# Hinge to suit these dimensions?



## bauerbach (Mar 25, 2012)

I am working backwards because I thought I had a hinge to fit but I was wrong.

Ive painted myself into a 1/2" face frame overlay door. 

what hinge can I use to work?


----------



## mako1 (Jan 25, 2014)

I don't really understand what you have done here.According to the drawing you have built a cabinet that has two face frames ?One 1/2" narrower than the other?


----------



## bauerbach (Mar 25, 2012)

mako1 said:


> I don't really understand what you have done here.According to the drawing you have built a cabinet that has two face frames ?One 1/2" narrower than the other?

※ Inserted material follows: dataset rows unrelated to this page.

lemma delta_eq_gram_lambda_max: "delta n a = gram_lambda_max {..<n} (top_row n a 2) (top_row n a 1)"
proof -
  have "alpha n a = (\<Sum>c<n. (cmod (top_row n a 1 c))\<^sup>2)" "beta n a = (\<Sum>c<n. (cmod (top_row n a 2 c))\<^sup>2)"
    "gamma n a = (\<Sum>c<n. top_row n a 2 c * cnj (top_row n a 1 c))"
    unfolding alpha_def beta_def gamma_def sum_atLeastAtMost_reflect
    by (auto simp: top_row_coefficients(2-4) top_row_coefficients(1)[of _ n a] sum_negf[symmetric]
        intro!: sum.cong)
  then show ?thesis
    unfolding delta_def gram_lambda_max_def by (simp add: lambda_max2_def add.commute power2_commute)
qed

lemma delta'_eq_gram_lambda_max: "delta' n a = gram_lambda_max {..<n - 2} (top_row n a 2) (top_row n a 1)"
proof -
  have "alpha' n a = (\<Sum>c<n - 2. (cmod (top_row n a 1 c))\<^sup>2)"
    "beta' n a = (\<Sum>c<n - 2. (cmod (top_row n a 2 c))\<^sup>2)"
    "gamma' n a = (\<Sum>c<n - 2. top_row n a 2 c * cnj (top_row n a 1 c))"
    unfolding alpha'_def beta'_def gamma'_def sum_atLeastAtMost_reflect
    by (auto simp: top_row_coefficients(2-4) top_row_coefficients(1)[of _ n a] sum_negf[symmetric]
        mult.commute intro!: sum.cong)
  then show ?thesis
    unfolding delta'_def gram_lambda_max_def by (simp add: lambda_max2_def add.commute power2_commute)
qed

There is 3/4" thick molding on the face frame that should sit roughly flush with the door. That is what limits me to 1/2" overlay.


----------



## mako1 (Jan 25, 2014)

Now I see what you have done.Took a while to think about it.Blum should have some hinges for your application.Check out their website.


----------



## bauerbach (Mar 25, 2012)

not gonna lie, blum hinges confuse the crap out of me.

I mean... I think this is a suitable hinge

http://www.pullsdirect.com/blum-71b...hinges-with-110-degree-opening-angle/p1672685

but it requires a 4.5 or 6mm mounting plate to achieve a ~12mm overlay....

so is this the right plate?

http://www.pullsdirect.com/blum-175...ble-center-mount-and-4-5mm-clearance/p1672821

are these 2 compatible?


----------



## TimPa (Jan 27, 2010)

I would seriously consider a) hinging to the 3/4 trim - should be substantial enough, or b) a non mortise wrap hinge.


----------